## Exercise
Look below for the line that has "p = vecs_on". Set down the lines from there through the line that has "x \<in> tuples", exactly as written.

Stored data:
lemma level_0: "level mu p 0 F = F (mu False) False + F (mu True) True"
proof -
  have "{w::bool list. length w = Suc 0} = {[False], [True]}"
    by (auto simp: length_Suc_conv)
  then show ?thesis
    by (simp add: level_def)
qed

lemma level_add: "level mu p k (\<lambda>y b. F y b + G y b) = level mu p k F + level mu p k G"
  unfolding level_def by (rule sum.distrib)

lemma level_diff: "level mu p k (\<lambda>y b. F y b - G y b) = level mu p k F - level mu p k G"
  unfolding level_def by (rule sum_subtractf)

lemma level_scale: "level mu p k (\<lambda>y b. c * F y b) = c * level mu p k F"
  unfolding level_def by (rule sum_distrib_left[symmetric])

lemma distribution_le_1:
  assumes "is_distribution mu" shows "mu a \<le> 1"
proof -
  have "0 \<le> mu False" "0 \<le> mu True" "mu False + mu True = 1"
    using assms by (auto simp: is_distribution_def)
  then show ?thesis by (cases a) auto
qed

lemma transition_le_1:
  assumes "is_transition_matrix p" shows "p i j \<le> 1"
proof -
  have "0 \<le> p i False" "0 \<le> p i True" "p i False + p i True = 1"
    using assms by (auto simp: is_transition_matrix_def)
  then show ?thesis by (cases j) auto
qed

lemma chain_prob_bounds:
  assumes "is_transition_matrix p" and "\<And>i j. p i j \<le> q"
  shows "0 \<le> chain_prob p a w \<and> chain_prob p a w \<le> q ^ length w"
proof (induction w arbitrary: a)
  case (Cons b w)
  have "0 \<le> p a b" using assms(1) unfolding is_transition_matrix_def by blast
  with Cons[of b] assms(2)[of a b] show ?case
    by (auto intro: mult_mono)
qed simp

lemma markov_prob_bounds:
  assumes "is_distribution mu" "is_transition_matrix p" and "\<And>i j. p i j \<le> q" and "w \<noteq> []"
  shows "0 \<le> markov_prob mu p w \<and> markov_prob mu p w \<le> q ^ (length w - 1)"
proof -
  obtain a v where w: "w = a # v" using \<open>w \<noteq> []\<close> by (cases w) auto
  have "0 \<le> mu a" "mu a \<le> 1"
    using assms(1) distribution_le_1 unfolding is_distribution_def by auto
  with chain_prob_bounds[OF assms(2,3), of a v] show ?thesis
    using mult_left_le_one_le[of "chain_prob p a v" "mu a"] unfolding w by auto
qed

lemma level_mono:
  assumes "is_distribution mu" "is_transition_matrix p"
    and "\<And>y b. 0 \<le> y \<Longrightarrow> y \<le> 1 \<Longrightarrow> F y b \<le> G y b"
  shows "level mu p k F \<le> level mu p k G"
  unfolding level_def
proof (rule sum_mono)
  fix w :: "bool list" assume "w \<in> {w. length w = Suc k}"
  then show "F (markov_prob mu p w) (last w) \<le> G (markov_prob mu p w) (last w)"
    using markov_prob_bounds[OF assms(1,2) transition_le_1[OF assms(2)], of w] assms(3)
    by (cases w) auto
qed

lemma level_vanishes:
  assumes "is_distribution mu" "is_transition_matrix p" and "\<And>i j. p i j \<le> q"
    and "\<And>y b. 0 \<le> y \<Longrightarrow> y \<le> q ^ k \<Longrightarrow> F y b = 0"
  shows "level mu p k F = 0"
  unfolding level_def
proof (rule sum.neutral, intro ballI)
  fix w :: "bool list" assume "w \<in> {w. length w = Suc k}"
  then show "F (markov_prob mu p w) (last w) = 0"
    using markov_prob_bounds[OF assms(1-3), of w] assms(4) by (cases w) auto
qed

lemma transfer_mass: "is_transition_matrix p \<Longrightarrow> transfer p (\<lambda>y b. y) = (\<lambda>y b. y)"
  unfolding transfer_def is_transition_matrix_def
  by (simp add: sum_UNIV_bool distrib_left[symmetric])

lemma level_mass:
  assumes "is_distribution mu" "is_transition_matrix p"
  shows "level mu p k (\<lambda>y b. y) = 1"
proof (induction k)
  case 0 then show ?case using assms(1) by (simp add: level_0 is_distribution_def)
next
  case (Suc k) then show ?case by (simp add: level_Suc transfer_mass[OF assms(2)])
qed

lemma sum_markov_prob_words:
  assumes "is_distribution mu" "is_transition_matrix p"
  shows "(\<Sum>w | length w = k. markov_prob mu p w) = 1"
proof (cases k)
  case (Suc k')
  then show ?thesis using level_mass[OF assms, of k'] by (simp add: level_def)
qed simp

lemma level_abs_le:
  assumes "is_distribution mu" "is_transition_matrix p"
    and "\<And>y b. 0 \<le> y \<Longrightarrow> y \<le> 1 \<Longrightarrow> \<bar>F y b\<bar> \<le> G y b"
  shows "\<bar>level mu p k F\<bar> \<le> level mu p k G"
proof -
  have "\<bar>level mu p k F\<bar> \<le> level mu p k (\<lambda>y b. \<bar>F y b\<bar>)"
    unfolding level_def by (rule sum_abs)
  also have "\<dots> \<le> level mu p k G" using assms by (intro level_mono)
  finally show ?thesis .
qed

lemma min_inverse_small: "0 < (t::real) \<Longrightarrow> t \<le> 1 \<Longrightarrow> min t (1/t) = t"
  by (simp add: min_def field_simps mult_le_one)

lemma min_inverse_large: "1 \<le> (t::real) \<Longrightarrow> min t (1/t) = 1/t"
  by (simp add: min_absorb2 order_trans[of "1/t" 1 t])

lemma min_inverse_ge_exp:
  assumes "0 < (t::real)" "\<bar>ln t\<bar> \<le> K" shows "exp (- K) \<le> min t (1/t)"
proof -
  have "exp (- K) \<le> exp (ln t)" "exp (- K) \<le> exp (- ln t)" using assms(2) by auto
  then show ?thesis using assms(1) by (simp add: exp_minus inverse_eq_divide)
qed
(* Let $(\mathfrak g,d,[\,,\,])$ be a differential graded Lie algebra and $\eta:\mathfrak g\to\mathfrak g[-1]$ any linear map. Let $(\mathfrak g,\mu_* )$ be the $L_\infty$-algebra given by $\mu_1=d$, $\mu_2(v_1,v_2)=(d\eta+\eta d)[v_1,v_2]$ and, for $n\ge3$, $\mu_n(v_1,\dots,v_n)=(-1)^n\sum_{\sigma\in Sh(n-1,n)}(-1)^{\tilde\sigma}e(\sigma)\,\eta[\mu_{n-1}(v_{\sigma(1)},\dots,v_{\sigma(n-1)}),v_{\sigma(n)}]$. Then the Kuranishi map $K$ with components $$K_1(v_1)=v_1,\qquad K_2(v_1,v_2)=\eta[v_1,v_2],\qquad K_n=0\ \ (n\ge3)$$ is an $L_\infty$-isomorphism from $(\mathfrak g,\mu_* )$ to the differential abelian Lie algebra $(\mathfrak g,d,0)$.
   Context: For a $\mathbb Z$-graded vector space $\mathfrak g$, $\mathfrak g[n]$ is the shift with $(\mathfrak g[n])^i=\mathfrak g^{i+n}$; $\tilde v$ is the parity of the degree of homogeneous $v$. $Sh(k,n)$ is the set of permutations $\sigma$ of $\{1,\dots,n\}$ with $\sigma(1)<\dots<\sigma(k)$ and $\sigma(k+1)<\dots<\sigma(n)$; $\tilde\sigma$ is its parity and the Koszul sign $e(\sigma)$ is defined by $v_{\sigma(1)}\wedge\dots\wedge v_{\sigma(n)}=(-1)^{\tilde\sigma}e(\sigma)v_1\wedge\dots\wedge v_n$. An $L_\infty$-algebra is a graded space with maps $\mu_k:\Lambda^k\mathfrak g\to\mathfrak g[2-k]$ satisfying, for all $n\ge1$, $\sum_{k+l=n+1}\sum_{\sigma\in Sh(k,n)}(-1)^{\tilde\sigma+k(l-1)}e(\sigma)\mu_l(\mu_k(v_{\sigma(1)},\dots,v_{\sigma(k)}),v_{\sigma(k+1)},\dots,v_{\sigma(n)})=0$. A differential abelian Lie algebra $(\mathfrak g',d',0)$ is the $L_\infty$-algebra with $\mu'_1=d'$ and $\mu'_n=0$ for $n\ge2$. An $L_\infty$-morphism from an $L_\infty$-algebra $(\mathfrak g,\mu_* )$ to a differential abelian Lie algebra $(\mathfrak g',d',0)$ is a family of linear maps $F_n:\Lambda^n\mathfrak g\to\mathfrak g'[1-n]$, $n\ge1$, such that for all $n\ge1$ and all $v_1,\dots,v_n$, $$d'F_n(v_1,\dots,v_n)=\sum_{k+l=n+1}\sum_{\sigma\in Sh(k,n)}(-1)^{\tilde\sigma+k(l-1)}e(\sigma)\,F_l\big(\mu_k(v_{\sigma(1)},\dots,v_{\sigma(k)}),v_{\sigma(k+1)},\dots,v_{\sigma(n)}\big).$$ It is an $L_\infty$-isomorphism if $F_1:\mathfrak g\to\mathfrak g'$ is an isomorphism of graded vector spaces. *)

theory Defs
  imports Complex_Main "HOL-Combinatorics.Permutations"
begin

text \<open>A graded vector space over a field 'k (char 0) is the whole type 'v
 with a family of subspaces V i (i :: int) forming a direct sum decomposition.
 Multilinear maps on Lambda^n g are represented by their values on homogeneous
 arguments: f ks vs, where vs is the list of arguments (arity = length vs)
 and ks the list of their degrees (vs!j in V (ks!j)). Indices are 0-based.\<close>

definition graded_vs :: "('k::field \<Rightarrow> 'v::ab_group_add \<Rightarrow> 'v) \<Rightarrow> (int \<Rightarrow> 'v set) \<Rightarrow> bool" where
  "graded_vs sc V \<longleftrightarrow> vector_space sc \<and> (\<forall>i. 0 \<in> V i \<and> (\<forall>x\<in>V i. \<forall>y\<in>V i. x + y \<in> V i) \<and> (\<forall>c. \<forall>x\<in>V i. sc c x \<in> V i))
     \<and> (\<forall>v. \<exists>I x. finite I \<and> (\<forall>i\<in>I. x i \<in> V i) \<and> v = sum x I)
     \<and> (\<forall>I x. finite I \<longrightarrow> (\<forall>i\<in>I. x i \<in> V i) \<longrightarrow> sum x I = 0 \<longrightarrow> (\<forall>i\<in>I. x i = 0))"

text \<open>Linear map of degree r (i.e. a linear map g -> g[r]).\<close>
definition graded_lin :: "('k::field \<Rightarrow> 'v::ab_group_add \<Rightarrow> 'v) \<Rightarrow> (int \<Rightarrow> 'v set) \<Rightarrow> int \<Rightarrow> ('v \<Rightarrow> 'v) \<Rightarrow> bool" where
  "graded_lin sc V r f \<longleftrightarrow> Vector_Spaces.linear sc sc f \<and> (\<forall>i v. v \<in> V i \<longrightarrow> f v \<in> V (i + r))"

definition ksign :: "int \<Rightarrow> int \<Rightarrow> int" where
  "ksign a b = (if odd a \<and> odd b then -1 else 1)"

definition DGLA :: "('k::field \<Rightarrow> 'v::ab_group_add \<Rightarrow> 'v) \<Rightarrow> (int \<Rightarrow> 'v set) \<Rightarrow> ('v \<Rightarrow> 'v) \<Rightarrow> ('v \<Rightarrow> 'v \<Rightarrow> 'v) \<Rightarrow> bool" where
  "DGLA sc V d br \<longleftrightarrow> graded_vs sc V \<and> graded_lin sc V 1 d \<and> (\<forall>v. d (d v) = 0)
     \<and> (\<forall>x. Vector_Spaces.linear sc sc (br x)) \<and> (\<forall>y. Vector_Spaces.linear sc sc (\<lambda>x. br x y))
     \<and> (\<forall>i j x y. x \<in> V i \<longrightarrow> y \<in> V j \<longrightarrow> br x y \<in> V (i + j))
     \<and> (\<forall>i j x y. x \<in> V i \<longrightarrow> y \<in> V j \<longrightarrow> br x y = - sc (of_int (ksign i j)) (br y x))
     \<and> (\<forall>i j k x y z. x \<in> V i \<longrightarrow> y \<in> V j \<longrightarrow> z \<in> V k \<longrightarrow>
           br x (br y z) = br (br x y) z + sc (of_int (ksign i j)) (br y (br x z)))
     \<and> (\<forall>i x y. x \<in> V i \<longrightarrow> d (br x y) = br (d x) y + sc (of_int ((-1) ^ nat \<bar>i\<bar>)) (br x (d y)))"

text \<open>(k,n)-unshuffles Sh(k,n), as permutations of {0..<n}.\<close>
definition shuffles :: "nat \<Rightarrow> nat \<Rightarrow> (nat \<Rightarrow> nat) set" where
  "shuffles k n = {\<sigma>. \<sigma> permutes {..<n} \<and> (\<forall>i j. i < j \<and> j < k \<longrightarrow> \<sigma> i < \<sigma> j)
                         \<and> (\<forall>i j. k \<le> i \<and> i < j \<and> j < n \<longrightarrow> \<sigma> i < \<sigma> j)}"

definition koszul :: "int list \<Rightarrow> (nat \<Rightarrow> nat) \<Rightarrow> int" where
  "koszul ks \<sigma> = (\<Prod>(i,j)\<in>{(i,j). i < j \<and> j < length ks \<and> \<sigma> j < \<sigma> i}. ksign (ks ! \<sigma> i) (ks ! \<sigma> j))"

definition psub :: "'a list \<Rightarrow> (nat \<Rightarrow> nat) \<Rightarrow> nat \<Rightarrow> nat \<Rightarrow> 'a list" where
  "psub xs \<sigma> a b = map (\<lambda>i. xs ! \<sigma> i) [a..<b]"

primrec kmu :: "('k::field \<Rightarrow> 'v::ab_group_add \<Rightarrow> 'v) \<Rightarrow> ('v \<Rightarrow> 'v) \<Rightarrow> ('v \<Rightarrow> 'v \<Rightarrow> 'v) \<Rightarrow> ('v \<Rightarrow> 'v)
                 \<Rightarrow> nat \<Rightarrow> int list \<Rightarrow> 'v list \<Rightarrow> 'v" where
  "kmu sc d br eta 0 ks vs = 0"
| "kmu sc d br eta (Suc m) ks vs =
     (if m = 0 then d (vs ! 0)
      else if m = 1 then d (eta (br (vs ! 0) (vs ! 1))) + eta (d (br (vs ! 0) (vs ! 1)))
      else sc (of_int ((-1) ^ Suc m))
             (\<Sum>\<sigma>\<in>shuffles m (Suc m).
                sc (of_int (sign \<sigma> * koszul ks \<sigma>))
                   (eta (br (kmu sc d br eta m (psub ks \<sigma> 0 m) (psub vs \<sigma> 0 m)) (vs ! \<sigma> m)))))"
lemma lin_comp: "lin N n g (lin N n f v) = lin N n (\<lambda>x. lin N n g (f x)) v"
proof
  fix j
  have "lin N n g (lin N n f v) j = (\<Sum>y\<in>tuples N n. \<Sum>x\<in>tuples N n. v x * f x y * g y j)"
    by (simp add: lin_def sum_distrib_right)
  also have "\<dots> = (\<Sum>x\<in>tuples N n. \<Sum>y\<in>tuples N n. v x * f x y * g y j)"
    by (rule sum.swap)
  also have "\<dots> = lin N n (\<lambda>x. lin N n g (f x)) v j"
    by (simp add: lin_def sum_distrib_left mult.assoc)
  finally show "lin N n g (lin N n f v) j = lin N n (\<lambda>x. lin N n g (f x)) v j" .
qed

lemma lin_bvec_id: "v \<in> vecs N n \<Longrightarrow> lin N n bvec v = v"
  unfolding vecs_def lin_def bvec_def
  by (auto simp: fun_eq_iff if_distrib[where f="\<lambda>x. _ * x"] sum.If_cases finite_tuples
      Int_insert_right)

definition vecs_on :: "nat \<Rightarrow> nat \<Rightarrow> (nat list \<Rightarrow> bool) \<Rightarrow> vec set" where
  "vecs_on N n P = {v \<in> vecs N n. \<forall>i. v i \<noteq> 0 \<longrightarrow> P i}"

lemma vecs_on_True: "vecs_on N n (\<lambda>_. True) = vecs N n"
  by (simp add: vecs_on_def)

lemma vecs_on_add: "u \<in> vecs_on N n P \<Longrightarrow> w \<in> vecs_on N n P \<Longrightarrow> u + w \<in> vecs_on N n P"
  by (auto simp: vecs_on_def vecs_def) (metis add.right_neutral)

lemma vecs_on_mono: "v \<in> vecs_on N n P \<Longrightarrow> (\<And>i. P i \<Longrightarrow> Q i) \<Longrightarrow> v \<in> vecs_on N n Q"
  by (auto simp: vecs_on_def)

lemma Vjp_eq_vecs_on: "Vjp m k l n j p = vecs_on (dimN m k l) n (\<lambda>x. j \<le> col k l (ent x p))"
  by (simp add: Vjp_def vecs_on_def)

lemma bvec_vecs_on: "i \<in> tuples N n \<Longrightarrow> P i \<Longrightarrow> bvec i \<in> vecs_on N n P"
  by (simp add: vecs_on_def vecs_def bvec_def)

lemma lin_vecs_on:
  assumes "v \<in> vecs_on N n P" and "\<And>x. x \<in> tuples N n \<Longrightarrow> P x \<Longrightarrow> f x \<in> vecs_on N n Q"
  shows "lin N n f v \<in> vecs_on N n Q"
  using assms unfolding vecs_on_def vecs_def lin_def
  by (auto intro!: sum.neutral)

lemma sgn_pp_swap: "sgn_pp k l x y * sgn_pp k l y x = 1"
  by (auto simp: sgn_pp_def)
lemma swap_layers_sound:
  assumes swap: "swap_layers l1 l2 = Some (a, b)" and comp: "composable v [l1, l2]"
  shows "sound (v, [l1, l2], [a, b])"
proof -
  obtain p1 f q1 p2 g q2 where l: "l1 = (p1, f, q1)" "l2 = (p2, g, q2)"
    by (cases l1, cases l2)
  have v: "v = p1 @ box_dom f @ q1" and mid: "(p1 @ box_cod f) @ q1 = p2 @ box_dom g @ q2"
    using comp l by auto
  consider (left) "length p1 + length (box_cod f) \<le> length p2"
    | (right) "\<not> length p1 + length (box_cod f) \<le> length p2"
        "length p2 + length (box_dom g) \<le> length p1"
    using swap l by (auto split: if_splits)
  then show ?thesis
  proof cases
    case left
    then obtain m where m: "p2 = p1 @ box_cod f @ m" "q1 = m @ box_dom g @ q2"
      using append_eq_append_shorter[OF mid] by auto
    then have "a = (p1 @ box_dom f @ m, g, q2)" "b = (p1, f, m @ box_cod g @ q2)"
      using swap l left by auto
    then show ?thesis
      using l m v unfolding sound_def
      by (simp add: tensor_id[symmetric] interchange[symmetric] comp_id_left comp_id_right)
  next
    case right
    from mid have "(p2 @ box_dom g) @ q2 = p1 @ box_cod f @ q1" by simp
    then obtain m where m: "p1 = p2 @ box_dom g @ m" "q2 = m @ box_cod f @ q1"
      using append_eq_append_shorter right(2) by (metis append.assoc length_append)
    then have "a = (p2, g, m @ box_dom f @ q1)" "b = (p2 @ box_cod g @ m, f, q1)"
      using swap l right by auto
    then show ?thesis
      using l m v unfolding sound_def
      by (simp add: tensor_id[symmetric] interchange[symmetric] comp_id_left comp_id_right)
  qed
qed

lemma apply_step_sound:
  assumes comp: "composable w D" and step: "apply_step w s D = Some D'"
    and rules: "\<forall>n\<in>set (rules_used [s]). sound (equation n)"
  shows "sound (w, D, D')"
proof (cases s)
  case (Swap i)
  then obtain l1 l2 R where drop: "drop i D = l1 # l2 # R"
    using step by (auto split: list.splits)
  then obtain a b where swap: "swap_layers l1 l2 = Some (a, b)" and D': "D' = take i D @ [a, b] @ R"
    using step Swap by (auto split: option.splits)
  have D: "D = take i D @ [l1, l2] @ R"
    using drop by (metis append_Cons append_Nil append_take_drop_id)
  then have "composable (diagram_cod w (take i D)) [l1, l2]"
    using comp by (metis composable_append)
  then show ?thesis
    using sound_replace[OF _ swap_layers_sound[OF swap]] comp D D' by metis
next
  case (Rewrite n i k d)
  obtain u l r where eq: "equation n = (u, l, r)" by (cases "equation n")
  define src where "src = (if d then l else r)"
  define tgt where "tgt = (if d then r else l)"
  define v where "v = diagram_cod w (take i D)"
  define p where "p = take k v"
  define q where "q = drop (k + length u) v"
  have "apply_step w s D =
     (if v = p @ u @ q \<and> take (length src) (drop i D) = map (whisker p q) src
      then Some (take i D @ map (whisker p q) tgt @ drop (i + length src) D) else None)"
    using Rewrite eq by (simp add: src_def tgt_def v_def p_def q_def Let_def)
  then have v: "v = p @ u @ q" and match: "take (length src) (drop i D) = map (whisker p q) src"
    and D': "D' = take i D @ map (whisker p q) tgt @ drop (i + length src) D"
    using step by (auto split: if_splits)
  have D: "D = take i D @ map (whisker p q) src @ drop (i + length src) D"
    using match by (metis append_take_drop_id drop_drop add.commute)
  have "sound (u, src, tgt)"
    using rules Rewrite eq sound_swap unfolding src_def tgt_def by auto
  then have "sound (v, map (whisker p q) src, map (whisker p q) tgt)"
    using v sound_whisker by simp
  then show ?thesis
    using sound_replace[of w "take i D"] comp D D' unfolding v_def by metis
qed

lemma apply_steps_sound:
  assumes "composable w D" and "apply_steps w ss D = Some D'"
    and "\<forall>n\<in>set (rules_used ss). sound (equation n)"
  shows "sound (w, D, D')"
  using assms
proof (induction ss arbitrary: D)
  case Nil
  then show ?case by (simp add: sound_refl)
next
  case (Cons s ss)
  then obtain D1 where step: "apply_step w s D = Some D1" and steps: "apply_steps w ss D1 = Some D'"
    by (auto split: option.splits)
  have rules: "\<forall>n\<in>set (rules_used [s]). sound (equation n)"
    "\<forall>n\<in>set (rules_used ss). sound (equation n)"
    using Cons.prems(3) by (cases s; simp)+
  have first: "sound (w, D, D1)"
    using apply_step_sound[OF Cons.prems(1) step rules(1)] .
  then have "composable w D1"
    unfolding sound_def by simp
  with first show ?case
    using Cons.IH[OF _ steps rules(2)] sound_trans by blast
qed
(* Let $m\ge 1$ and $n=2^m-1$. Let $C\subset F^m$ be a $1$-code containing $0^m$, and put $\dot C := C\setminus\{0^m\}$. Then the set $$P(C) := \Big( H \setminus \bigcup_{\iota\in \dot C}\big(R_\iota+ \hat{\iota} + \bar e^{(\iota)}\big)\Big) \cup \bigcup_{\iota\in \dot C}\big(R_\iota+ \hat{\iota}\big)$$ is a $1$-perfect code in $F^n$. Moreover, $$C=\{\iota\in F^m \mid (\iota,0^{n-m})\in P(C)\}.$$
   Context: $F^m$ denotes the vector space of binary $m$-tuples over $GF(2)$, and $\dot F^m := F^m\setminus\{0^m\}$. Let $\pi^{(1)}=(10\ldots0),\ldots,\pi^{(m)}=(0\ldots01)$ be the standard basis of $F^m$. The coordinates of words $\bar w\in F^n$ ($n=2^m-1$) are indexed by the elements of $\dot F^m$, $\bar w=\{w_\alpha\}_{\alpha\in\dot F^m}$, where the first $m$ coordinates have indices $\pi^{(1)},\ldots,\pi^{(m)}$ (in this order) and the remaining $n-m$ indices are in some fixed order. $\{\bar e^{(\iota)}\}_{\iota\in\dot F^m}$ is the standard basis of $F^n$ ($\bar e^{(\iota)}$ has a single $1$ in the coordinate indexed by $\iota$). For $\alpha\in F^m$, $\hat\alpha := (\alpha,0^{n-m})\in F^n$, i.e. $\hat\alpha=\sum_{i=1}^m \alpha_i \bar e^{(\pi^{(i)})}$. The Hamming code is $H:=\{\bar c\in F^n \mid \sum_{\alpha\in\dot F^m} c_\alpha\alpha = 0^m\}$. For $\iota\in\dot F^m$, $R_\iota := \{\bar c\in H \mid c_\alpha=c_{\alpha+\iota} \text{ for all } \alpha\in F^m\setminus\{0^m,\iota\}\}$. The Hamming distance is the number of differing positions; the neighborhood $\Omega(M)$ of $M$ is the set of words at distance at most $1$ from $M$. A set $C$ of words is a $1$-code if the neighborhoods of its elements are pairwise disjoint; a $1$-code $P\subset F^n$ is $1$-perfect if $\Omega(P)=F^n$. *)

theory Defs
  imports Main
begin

## Answer for the task
lemma Vjp_eq_vecs_on: "Vjp m k l n j p = vecs_on (dimN m k l) n (\<lambda>x. j \<le> col k l (ent x p))"
  by (simp add: Vjp_def vecs_on_def)

lemma bvec_vecs_on: "i \<in> tuples N n \<Longrightarrow> P i \<Longrightarrow> bvec i \<in> vecs_on N n P"
  by (simp add: vecs_on_def vecs_def bvec_def)

lemma lin_vecs_on:
  assumes "v \<in> vecs_on N n P" and "\<And>x. x \<in> tuples N n \<Longrightarrow> P x \<Longrightarrow> f x \<in> vecs_on N n Q"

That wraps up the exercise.